Post-Gutenberg has for some time been avoiding all the usual superlatives in praising new books – bankrupt currency, for the reasons Jennifer Weiner offered in a summing-up in ‘All Blurbed Out’ in last Sunday’s New York Times that said in part: ‘”Stunning” is mundane, “gorgeous” is commonplace, “brilliance” and “genius” are positively de rigueur.’

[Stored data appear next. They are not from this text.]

lemma tstuffle_reindex_left: "tstuffle s (reindex t p) q = tstuffle s p q"
proof -
  have rev_word: "tstuffle_rev s (map (reindex_y t) a) b = tstuffle_rev s a b" for a b
    by (induction s a b rule: tstuffle_rev.induct) (simp_all add: tstuffle_rev_Nil_right)
  show ?thesis
    by (simp add: tstuffle_def reindex_def bilin_conv_lin lin_comp rev_map rev_word)
qed

lemma reindex_tstuffle: "reindex s (tstuffle t p q) = tstuffle s p (reindex s q)"
proof -
  have rev_word: "reindex s (tstuffle_rev t a b) = tstuffle_rev s a (map (reindex_y s) b)" for a b
    by (induction t a b rule: tstuffle_rev.induct)
       (simp_all add: reindex_wd reindex_add reindex_rapp rev_map tstuffle_rev_Nil_right)
  have "reindex s (tstuffle t p q)
      = lin (\<lambda>a. lin (\<lambda>b. tstuffle_rev s (rev a) (rev (map (reindex_y s) b))) q) p"
    by (simp add: tstuffle_def bilin_conv_lin reindex_lin rev_word rev_map)
  also have "\<dots> = tstuffle s p (reindex s q)"
    by (simp add: tstuffle_def bilin_conv_lin reindex_def lin_comp)
  finally show ?thesis .
qed


section \<open>Associativity of the twisted stuffle\<close>

lemma tstuffle_assoc_rapp_Y:
  fixes A B C :: ncpoly and \<alpha> \<beta> \<gamma> :: complex
  defines "a \<equiv> rapp (Y \<alpha>) A" and "b \<equiv> rapp (Y \<beta>) B" and "c \<equiv> rapp (Y \<gamma>) C"
  assumes Abc: "tstuffle s (tstuffle 1 A b) c = tstuffle s A (tstuffle s b c)"
    and aBc: "tstuffle s (tstuffle 1 a B) c = tstuffle s a (tstuffle s B c)"
    and ABc: "tstuffle s (tstuffle 1 A B) c = tstuffle s A (tstuffle s B c)"
    and abC: "tstuffle s (tstuffle 1 a b) C = tstuffle s a (tstuffle s b C)"
    and AbC: "tstuffle s (tstuffle 1 A b) C = tstuffle s A (tstuffle s b C)"
    and aBC: "tstuffle s (tstuffle 1 a B) C = tstuffle s a (tstuffle s B C)"
    and ABC: "tstuffle s (tstuffle 1 A B) C = tstuffle s A (tstuffle s B C)"
  shows "tstuffle s (tstuffle 1 a b) c = tstuffle s a (tstuffle s b c)"
proof -
  define K where "K = tstuffle 1 A b + tstuffle 1 a B + rapp X (tstuffle 1 A B)"
  define L where "L = tstuffle s B c + tstuffle s b C + rapp X (tstuffle s B C)"
  have ab: "tstuffle 1 a b = rapp (Y \<beta>) K"
    unfolding K_def a_def b_def by simp
  have bc: "tstuffle s b c = rapp (Y \<gamma>) L"
    unfolding L_def c_def b_def by simp
  have "tstuffle s (tstuffle 1 a b) c = rapp (Y \<gamma>) (tstuffle s K c)
      + rapp (Y \<gamma>) (tstuffle s (rapp (Y \<beta>) K) C) + rapp (Y \<gamma>) (rapp X (tstuffle s K C))"
    unfolding ab c_def by (rule tstuffle_rapp_Y_Y)
  also have "tstuffle s K c = tstuffle s A (tstuffle s b c) + tstuffle s a (tstuffle s B c)
      + rapp X (tstuffle s A (tstuffle s B c))"
    unfolding K_def by (simp only: tstuffle_add_left tstuffle_rapp_X_left Abc aBc ABc)
  also have "tstuffle s (rapp (Y \<beta>) K) C = tstuffle s a (tstuffle s b C)"
    unfolding ab[symmetric] by (rule abC)
  also have "tstuffle s K C = tstuffle s A (tstuffle s b C) + tstuffle s a (tstuffle s B C)
      + rapp X (tstuffle s A (tstuffle s B C))"
    unfolding K_def by (simp only: tstuffle_add_left tstuffle_rapp_X_left AbC aBC ABC)
  finally have lhs: "tstuffle s (tstuffle 1 a b) c =
      rapp (Y \<gamma>) (tstuffle s A (tstuffle s b c) + tstuffle s a (tstuffle s B c)
        + rapp X (tstuffle s A (tstuffle s B c)))
      + rapp (Y \<gamma>) (tstuffle s a (tstuffle s b C))
      + rapp (Y \<gamma>) (rapp X (tstuffle s A (tstuffle s b C) + tstuffle s a (tstuffle s B C)
        + rapp X (tstuffle s A (tstuffle s B C))))" .
  have "tstuffle s a (tstuffle s b c) = rapp (Y \<gamma>) (tstuffle s A (rapp (Y \<gamma>) L))
      + rapp (Y \<gamma>) (tstuffle s a L) + rapp (Y \<gamma>) (rapp X (tstuffle s A L))"
    unfolding bc a_def by (rule tstuffle_rapp_Y_Y)
  also have "rapp (Y \<gamma>) L = tstuffle s b c"
    by (simp only: bc)
  finally have rhs: "tstuffle s a (tstuffle s b c) = rapp (Y \<gamma>) (tstuffle s A (tstuffle s b c))
      + rapp (Y \<gamma>) (tstuffle s a (tstuffle s B c) + tstuffle s a (tstuffle s b C)
        + rapp X (tstuffle s a (tstuffle s B C)))
      + rapp (Y \<gamma>) (rapp X (tstuffle s A (tstuffle s B c) + tstuffle s A (tstuffle s b C)
        + rapp X (tstuffle s A (tstuffle s B C))))"
    unfolding L_def by (simp only: tstuffle_add_right tstuffle_rapp_X_right)
  show ?thesis
    unfolding lhs rhs by (simp only: rapp_add) (simp add: algebra_simps)
qed
(* Let $0<\mathcal{R}_0\le1$ and let $F$ be a convex, nonnegative, differentiable function on $\{x'\in\mathbb{R}^{n-1}:|x'|\le\mathcal{R}_0\}$ with $F(0)=0$. For $r\in(0,\mathcal{R}_0)$ define $$\delta(r)=\max_{|x'|\le r}\frac{F(x')}{|x'|},\qquad \delta_1(r)=\max_{|x'|\le r}|\nabla F(x')|.$$ Then: (a) $\delta_1(r)\to0$ as $r\to0$ if and only if $\delta(r)\to0$ as $r\to0$; (b) $\delta_1$ satisfies the Dini condition at zero if and only if $\delta$ satisfies the Dini condition at zero.
   Context: Class $\mathcal{D}_1$: a function $\sigma:[0,1]\to\mathbb{R}_+$ belongs to $\mathcal{D}_1$ if - $\sigma$ is increasing, $\sigma(0)=0$ and $\sigma(1)=1$; - $\sigma(t)/t$ is summable on $(0,1)$ and decreasing. A function $\zeta$ satisfies the Dini condition at zero if $|\zeta(r)|\le C\sigma(r)$ (for small $r>0$) for some constant $C$ and some $\sigma\in\mathcal{D}_1$. *)

theory Defs
  imports "HOL-Analysis.Analysis"
begin

definition class_D1 :: "(real \<Rightarrow> real) set" where
  "class_D1 = {\<sigma>. (\<forall>t\<in>{0..1}. 0 \<le> \<sigma> t)
      \<and> mono_on {0..1} \<sigma>
      \<and> \<sigma> 0 = 0 \<and> \<sigma> 1 = 1
      \<and> (\<lambda>t. \<sigma> t / t) integrable_on {0<..<1}
      \<and> (\<forall>s t. 0 < s \<and> s \<le> t \<and> t \<le> 1 \<longrightarrow> \<sigma> t / t \<le> \<sigma> s / s)}"

definition dini_at_zero :: "(real \<Rightarrow> real) \<Rightarrow> bool" where
  "dini_at_zero \<zeta> \<longleftrightarrow>
     (\<exists>C \<sigma>. \<sigma> \<in> class_D1 \<and> (\<forall>\<^sub>F r in at_right 0. \<bar>\<zeta> r\<bar> \<le> C * \<sigma> r))"

definition delta :: "('a::euclidean_space \<Rightarrow> real) \<Rightarrow> real \<Rightarrow> real" where
  "delta F r = Sup {F x / norm x | x. 0 < norm x \<and> norm x \<le> r}"

definition delta1 :: "('a::euclidean_space \<Rightarrow> real) \<Rightarrow> real \<Rightarrow> real" where
  "delta1 F r = Sup {norm D | x D. norm x \<le> r \<and> (F has_derivative (\<lambda>h. D \<bullet> h)) (at x)}"

end

theory Submission
  imports Defs
begin

text \<open>Both quantities are controlled by the supporting hyperplanes of \<open>F\<close>. At \<open>x\<close> with gradient
  \<open>D\<close>, the inequality \<open>F 0 \<ge> F x - D \<bullet> x\<close> gives \<open>F x / |x| \<le> |D|\<close>, so \<open>\<delta> \<le> \<delta>\<^sub>1\<close>; stepping from
  \<open>x\<close> a distance \<open>r\<close> in the direction of \<open>D\<close> and using \<open>F \<ge> 0\<close> gives \<open>r |D| \<le> F y \<le> 2r \<delta>(2r)\<close>, so
  \<open>\<delta>\<^sub>1(r) \<le> 2 \<delta>(2r)\<close>. Both assertions then follow from \<open>\<delta> \<le> \<delta>\<^sub>1 \<le> 2 \<delta>(2\<cdot>)\<close>, the Dini part
  because \<open>\<sigma>(t)/t\<close> decreasing gives \<open>\<sigma>(2r) \<le> 2 \<sigma>(r)\<close>.\<close>

lemma convex_on_gradient_inequality:
  fixes F :: "'a::real_inner \<Rightarrow> real"
  assumes cv: "convex_on S F" and x: "x \<in> S" and y: "y \<in> S"
    and deriv: "(F has_derivative (\<lambda>h. D \<bullet> h)) (at x)"
  shows "D \<bullet> (y - x) \<le> F y - F x"
proof -
  define g where "g t = F (x + t *\<^sub>R (y - x))" for t :: real
  have line: "((\<lambda>t. x + t *\<^sub>R (y - x)) has_derivative (\<lambda>t. t *\<^sub>R (y - x))) (at 0)"
    by (auto intro!: derivative_eq_intros)
  have "(F has_derivative (\<lambda>h. D \<bullet> h)) (at (x + 0 *\<^sub>R (y - x)))" using deriv by simp
  then have "(g has_derivative (\<lambda>t. D \<bullet> (t *\<^sub>R (y - x)))) (at 0)"
    unfolding g_def by (rule has_derivative_compose[OF line])
  then have "(g has_field_derivative (D \<bullet> (y - x))) (at 0)"
    by (simp add: has_field_derivative_def mult_commute_abs)
  then have "((\<lambda>t. (g t - g 0) / (t - 0)) \<longlongrightarrow> D \<bullet> (y - x)) (at_right 0)"
    using has_field_derivative_iff filterlim_at_split by blast
  moreover have "\<forall>\<^sub>F t in at_right 0. (g t - g 0) / (t - 0) \<le> F y - F x"
    using eventually_at_right_real[OF zero_less_one]
  proof (rule eventually_mono)
    fix t :: real assume t: "t \<in> {0<..<1}"
    have "g t = F ((1 - t) *\<^sub>R x + t *\<^sub>R y)" unfolding g_def by (simp add: algebra_simps)
    also have "\<dots> \<le> (1 - t) * F x + t * F y" using convex_onD[OF cv, of t x y] t x y by auto
    finally have "g t - g 0 \<le> t * (F y - F x)" by (simp add: g_def algebra_simps)
    then show "(g t - g 0) / (t - 0) \<le> F y - F x" using t by (simp add: field_simps)
  qed
  ultimately show ?thesis by (rule tendsto_upperbound) simp
qed

lemma has_derivative_inner_representation:
  fixes F :: "'a::euclidean_space \<Rightarrow> real"
  assumes "(F has_derivative F') (at x)"
  shows "\<exists>D. (F has_derivative (\<lambda>h. D \<bullet> h)) (at x)"
proof -
  have "linear F'" using assms has_derivative_linear by blast
  then have "F' = (\<lambda>h. adjoint F' 1 \<bullet> h)" by (simp add: adjoint_clauses)
  then show ?thesis using assms by metis
qed

locale nonneg_convex_on_cball =
  fixes F :: "'a::euclidean_space \<Rightarrow> real" and R0 :: real
  assumes R0_pos: "0 < R0"
    and convex: "convex_on (cball 0 R0) F"
    and nonneg: "\<forall>x\<in>cball 0 R0. 0 \<le> F x"
    and differentiable: "F differentiable_on cball 0 R0"
    and F_0: "F 0 = 0"
begin

lemma bdd_above_quotients: "bdd_above {F x / norm x | x. 0 < norm x \<and> norm x \<le> s}"
  if "s \<le> R0"
proof -
  have "compact (F ` cball 0 R0)"
    using compact_continuous_image[OF differentiable_imp_continuous_on[OF differentiable]] by simp
  then obtain M where M: "\<And>x. x \<in> cball 0 R0 \<Longrightarrow> F x \<le> M"
    using compact_imp_bounded bounded_real by (metis abs_le_D1 imageI)
  have "F x / norm x \<le> M / R0" if x: "0 < norm x" "norm x \<le> R0" for x
  proof -
    define t where "t = norm x / R0"
    define y where "y = (R0 / norm x) *\<^sub>R x"
    have t: "0 \<le> t" "t \<le> 1" using x R0_pos by (auto simp: t_def field_simps)
    have y: "norm y = R0" using x R0_pos by (simp add: y_def)
    have "x = (1 - t) *\<^sub>R 0 + t *\<^sub>R y" using x R0_pos by (simp add: y_def t_def)
    then have "F x \<le> (1 - t) * F 0 + t * F y"
      using convex_onD[OF convex t, of 0 y] R0_pos y by simp
    also have "\<dots> \<le> t * M" using F_0 M[of y] y t by (simp add: mult_left_mono)
    finally show ?thesis using x R0_pos by (simp add: t_def field_simps)
  qed
  then show ?thesis using that by (intro bdd_aboveI[of _ "M / R0"]) auto
qed

lemma has_gradient: "\<exists>D. (F has_derivative (\<lambda>h. D \<bullet> h)) (at x)" if "norm x < R0"
proof -
  have x: "x \<in> interior (cball 0 R0)" using that by simp
  then have "F differentiable (at x within cball 0 R0)"
    using differentiable interior_subset by (meson differentiable_on_def subsetD)
  then have "F differentiable (at x)" using at_within_interior[OF x] by simp
  then show ?thesis using has_derivative_inner_representation by (auto simp: differentiable_def)
qed

lemma le_delta_mult_norm: "F y \<le> delta F s * norm y" if "norm y \<le> s" "s \<le> R0"
proof (cases "y = 0")
  case True
  then show ?thesis using F_0 by simp
next
  case False
  then have "F y / norm y \<le> delta F s"
    unfolding delta_def using that by (intro cSup_upper bdd_above_quotients) auto
  then show ?thesis using False by (simp add: field_simps)
qed

lemma delta_nonneg: "0 \<le> delta F s" if "0 < s" "s \<le> R0"
proof -
  obtain b :: 'a where b: "b \<in> Basis" using nonempty_Basis by blast
  have "0 \<le> F (s *\<^sub>R b)" using nonneg that b by auto
  also have "\<dots> \<le> delta F s * norm (s *\<^sub>R b)" using that b by (intro le_delta_mult_norm) auto
  finally show ?thesis using that b by (simp add: zero_le_mult_iff)
qed

lemma gradient_norm_le_delta:
  assumes r: "0 < r" "2 * r \<le> R0" and x: "norm x \<le> r"
    and deriv: "(F has_derivative (\<lambda>h. D \<bullet> h)) (at x)"
  shows "norm D \<le> 2 * delta F (2 * r)"
proof (cases "D = 0")
  case True
  then show ?thesis using delta_nonneg r by simp
next
  case False
  define y where "y = x + (r / norm D) *\<^sub>R D"
  have "norm y \<le> norm x + norm ((r / norm D) *\<^sub>R D)"
    unfolding y_def by (rule norm_triangle_ineq)
  then have y: "norm y \<le> 2 * r" using False r x by simp
  have "r * norm D = D \<bullet> (y - x)"
    using False by (simp add: y_def power2_norm_eq_inner[symmetric] power2_eq_square)
  also have "\<dots> \<le> F y - F x"
    using y x r by (intro convex_on_gradient_inequality[OF convex _ _ deriv]) auto
  also have "\<dots> \<le> F y" using nonneg x r by auto
  also have "\<dots> \<le> delta F (2 * r) * norm y" using y r by (intro le_delta_mult_norm) auto
  also have "\<dots> \<le> delta F (2 * r) * (2 * r)"
    using y delta_nonneg r by (simp add: mult_left_mono)
  finally show ?thesis using r by (simp add: algebra_simps)
qed

lemma delta1_le_delta: "delta1 F r \<le> 2 * delta F (2 * r)" if r: "0 < r" "2 * r \<le> R0"
  unfolding delta1_def
proof (rule cSup_least)
  obtain D where "(F has_derivative (\<lambda>h. D \<bullet> h)) (at 0)" using has_gradient[of 0] R0_pos by auto
  then show "{norm D |x D. norm x \<le> r \<and> (F has_derivative (\<bullet>) D) (at x)} \<noteq> {}"
    using r by fastforce
qed (use gradient_norm_le_delta r in auto)

lemma delta_le_delta1: "delta F r \<le> delta1 F r" if r: "0 < r" "2 * r \<le> R0"
  unfolding delta_def
proof (rule cSup_least)
  obtain b :: 'a where "b \<in> Basis" using nonempty_Basis by blast
  then show "{F x / norm x |x. 0 < norm x \<and> norm x \<le> r} \<noteq> {}"
    using r by (auto intro!: exI[of _ "r *\<^sub>R b"])
next
  fix e assume "e \<in> {F x / norm x |x. 0 < norm x \<and> norm x \<le> r}"
  then obtain x where x: "e = F x / norm x" "0 < norm x" "norm x \<le> r" by blast
  obtain D where D: "(F has_derivative (\<lambda>h. D \<bullet> h)) (at x)" using has_gradient[of x] x r by auto
  have "D \<bullet> (0 - x) \<le> F 0 - F x"
    using x r by (intro convex_on_gradient_inequality[OF convex _ _ D]) auto
  then have "F x \<le> D \<bullet> x" using F_0 by (simp add: inner_diff_right)
  also have "\<dots> \<le> norm D * norm x" by (rule norm_cauchy_schwarz)
  finally have "e \<le> norm D" using x by (simp add: divide_le_eq)
  also have "norm D \<le> delta1 F r"
    unfolding delta1_def using x D gradient_norm_le_delta[OF r] r
    by (intro cSup_upper bdd_aboveI[of _ "2 * delta F (2 * r)"]) auto
  finally show "e \<le> delta1 F r" .
qed

end

lemma filterlim_double_at_right_0: "filterlim (\<lambda>r::real. 2 * r) (at_right 0) (at_right 0)"
  unfolding filterlim_at
  by (auto intro!: tendsto_eq_intros simp: eventually_at_filter tendsto_mono[OF at_le])

lemma class_D1_double_le:
  assumes "\<sigma> \<in> class_D1" "0 < r" "2 * r \<le> 1"
  shows "\<sigma> (2 * r) \<le> 2 * \<sigma> r"
proof -
  have "\<sigma> (2 * r) / (2 * r) \<le> \<sigma> r / r" using assms unfolding class_D1_def by auto
  then show ?thesis using assms(2) by (simp add: field_simps)
qed

lemma dini_at_zero_le_scaled:
  assumes "dini_at_zero g" "0 \<le> c" "\<forall>\<^sub>F r in at_right 0. \<bar>f r\<bar> \<le> c * \<bar>g r\<bar>"
  shows "dini_at_zero f"
proof -
  obtain C \<sigma> where \<sigma>: "\<sigma> \<in> class_D1" "\<forall>\<^sub>F r in at_right 0. \<bar>g r\<bar> \<le> C * \<sigma> r"
    using assms(1) unfolding dini_at_zero_def by blast
  have "\<forall>\<^sub>F r in at_right 0. \<bar>f r\<bar> \<le> (c * C) * \<sigma> r"
    using eventually_conj[OF assms(3) \<sigma>(2)]
    by (rule eventually_mono) (metis assms(2) mult.assoc mult_left_mono order_trans)
  then show ?thesis unfolding dini_at_zero_def using \<sigma>(1) by blast
qed

lemma dini_at_zero_double:
  assumes "dini_at_zero g"
  shows "dini_at_zero (\<lambda>r. g (2 * r))"
proof -
  obtain C \<sigma> where \<sigma>: "\<sigma> \<in> class_D1" "\<forall>\<^sub>F r in at_right 0. \<bar>g r\<bar> \<le> C * \<sigma> r"
    using assms unfolding dini_at_zero_def by blast
  have small: "\<forall>\<^sub>F r in at_right 0. 0 < r \<and> 2 * r \<le> (1::real)"
    using eventually_at_right_real[of 0 "1 / 2"] by (auto elim!: eventually_mono)
  have "\<forall>\<^sub>F r in at_right 0. \<bar>g (2 * r)\<bar> \<le> (2 * max C 0) * \<sigma> r"
    using eventually_conj[OF eventually_compose_filterlim[OF \<sigma>(2) filterlim_double_at_right_0] small]
  proof (rule eventually_mono)
    fix r :: real assume r: "\<bar>g (2 * r)\<bar> \<le> C * \<sigma> (2 * r) \<and> 0 < r \<and> 2 * r \<le> 1"
    have "0 \<le> \<sigma> (2 * r)" using \<sigma>(1) r unfolding class_D1_def by auto
    then have "\<bar>g (2 * r)\<bar> \<le> max C 0 * \<sigma> (2 * r)" using r by (metis max.cobounded1 mult_right_mono order_trans)
    also have "\<dots> \<le> max C 0 * (2 * \<sigma> r)" using class_D1_double_le[OF \<sigma>(1)] r by (simp add: mult_left_mono)
    finally show "\<bar>g (2 * r)\<bar> \<le> (2 * max C 0) * \<sigma> r" by simp
  qed
  then show ?thesis unfolding dini_at_zero_def using \<sigma>(1) by blast
qed

lemma tendsto_0_iff_doubling_comparable:
  fixes f g :: "real \<Rightarrow> real"
  assumes "\<forall>\<^sub>F r in at_right 0. 0 \<le> g r \<and> g r \<le> f r \<and> f r \<le> 2 * g (2 * r)"
  shows "(f \<longlongrightarrow> 0) (at_right 0) \<longleftrightarrow> (g \<longlongrightarrow> 0) (at_right 0)"
proof
  assume "(f \<longlongrightarrow> 0) (at_right 0)"
  then show "(g \<longlongrightarrow> 0) (at_right 0)"
    by (rule tendsto_sandwich[rotated 2, OF tendsto_const]) (use assms in \<open>auto elim: eventually_mono\<close>)
next
  assume "(g \<longlongrightarrow> 0) (at_right 0)"
  then have "((\<lambda>r. 2 * g (2 * r)) \<longlongrightarrow> 0) (at_right 0)"
    using filterlim_compose[OF _ filterlim_double_at_right_0] tendsto_mult_right_zero by blast
  then show "(f \<longlongrightarrow> 0) (at_right 0)"
    by (rule tendsto_sandwich[rotated 2, OF tendsto_const]) (use assms in \<open>auto elim: eventually_mono\<close>)
qed

lemma dini_at_zero_iff_doubling_comparable:
  assumes "\<forall>\<^sub>F r in at_right 0. 0 \<le> g r \<and> g r \<le> f r \<and> f r \<le> 2 * g (2 * r)"
  shows "dini_at_zero f \<longleftrightarrow> dini_at_zero g"
proof
  assume "dini_at_zero f"
  then show "dini_at_zero g"
    by (rule dini_at_zero_le_scaled[of _ 1]) (use assms in \<open>auto elim: eventually_mono\<close>)
next
  assume "dini_at_zero g"
  then show "dini_at_zero f"
    by (rule dini_at_zero_le_scaled[OF dini_at_zero_double, of _ 2])
      (use assms in \<open>auto elim: eventually_mono\<close>)
qed

theorem lemma2p1:
  fixes F :: "'a::euclidean_space \<Rightarrow> real" and R0 :: real
  assumes "0 < R0" and "R0 \<le> 1"
    and "convex_on (cball 0 R0) F"
    and "\<forall>x\<in>cball 0 R0. 0 \<le> F x"
    and "F differentiable_on cball 0 R0"
    and "F 0 = 0"
  shows "((delta1 F \<longlongrightarrow> 0) (at_right 0) \<longleftrightarrow> (delta F \<longlongrightarrow> 0) (at_right 0))
       \<and> (dini_at_zero (delta1 F) \<longleftrightarrow> dini_at_zero (delta F))"
proof -
  interpret nonneg_convex_on_cball F R0
    using assms by unfold_locales auto
  have "\<forall>\<^sub>F r in at_right 0. 0 < r \<and> 2 * r \<le> R0"
    using eventually_at_right_real[of 0 "R0 / 2"] assms(1) by (auto elim!: eventually_mono)
  then have "\<forall>\<^sub>F r in at_right 0.
      0 \<le> delta F r \<and> delta F r \<le> delta1 F r \<and> delta1 F r \<le> 2 * delta F (2 * r)"
    by (rule eventually_mono) (auto intro: delta_nonneg delta_le_delta1 delta1_le_delta)
  then show ?thesis
    by (simp add: tendsto_0_iff_doubling_comparable dini_at_zero_iff_doubling_comparable)
qed

end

We offer the best and only reliable guides to literary achievement — excerpts from the author’s own text. We are pleased to do this because Rausing is not only generous with her family’s money, but the far more precious gifts of her attention and engagement. In a recent profile in The Telegraph, she announced her commitment to personally going through unsolicited submissions – usually called the slush pile – dispatched to Granta. Over to her book, now:

EXTRACT ONE

That evening I found Marika and Alar and Heli drinking cocktails: 96 percent ethanol from Marika’s veterinary practice poured into a Russian vodka bottle, mixed with ‘exotic juice’. They used to drink ethanol eggnogs because Marika got paid in eggs from the farmers; thirty to forty eggs to cure a sick cow. When the salmonella started appearing in the eggs they stopped it, and started mixing the alcohol with juice. I drank that strange and ravaging mixture with them, and at midnight we went to a bar by the harbour, open all night now for drinking and dancing. Somebody, I think it was Ets, brought a bottle of champagne, and we drank that, too. Some strangers turned up – a pale man with green eyes and sandy moustache, and a young couple with a Doberman. They were from President Meri’s staff – he had a dacha on the peninsula, from the Soviet era. I had come across it by chance – a seemingly abandoned narrow dirt road broadened, then turned into an asphalt road, ending by a high gate and a fence. People were dancing wild Estonian waltzes and polkas; under the influence of ethanol and Georgian champagne, the strangers seemed like friends. Dusk merged with dawn, and I walked home alone.

EXTRACT TWO

Who was I, at this point, for them? A kind of mascot, perhaps. In the plenty of Estonian summer I was offered strawberries, gooseberries, rides in Ladas. Once I was offered fish, two tiny brown fish. I was always offered drinks, too many drinks. A slight anxiety set in about leaving. At the same time the heat, the relentless heatwave made me feel as if nothing would ever change. The glaring light was eating me up, and I longed for grey clouds and cool winds. Something felt stuck in my throat. I slept and slept. My Swedish duvet, so warm in the winter, smelled of sweat now. There was no wind – the village echoed without the perennial wind. The dogs howled. I woke up at night from the howling, or from Karl crying next door. The moths fluttered in the kitchen as I stumbled out for a glass of water. I dreamt, anxiously, about leaving my laptop behind.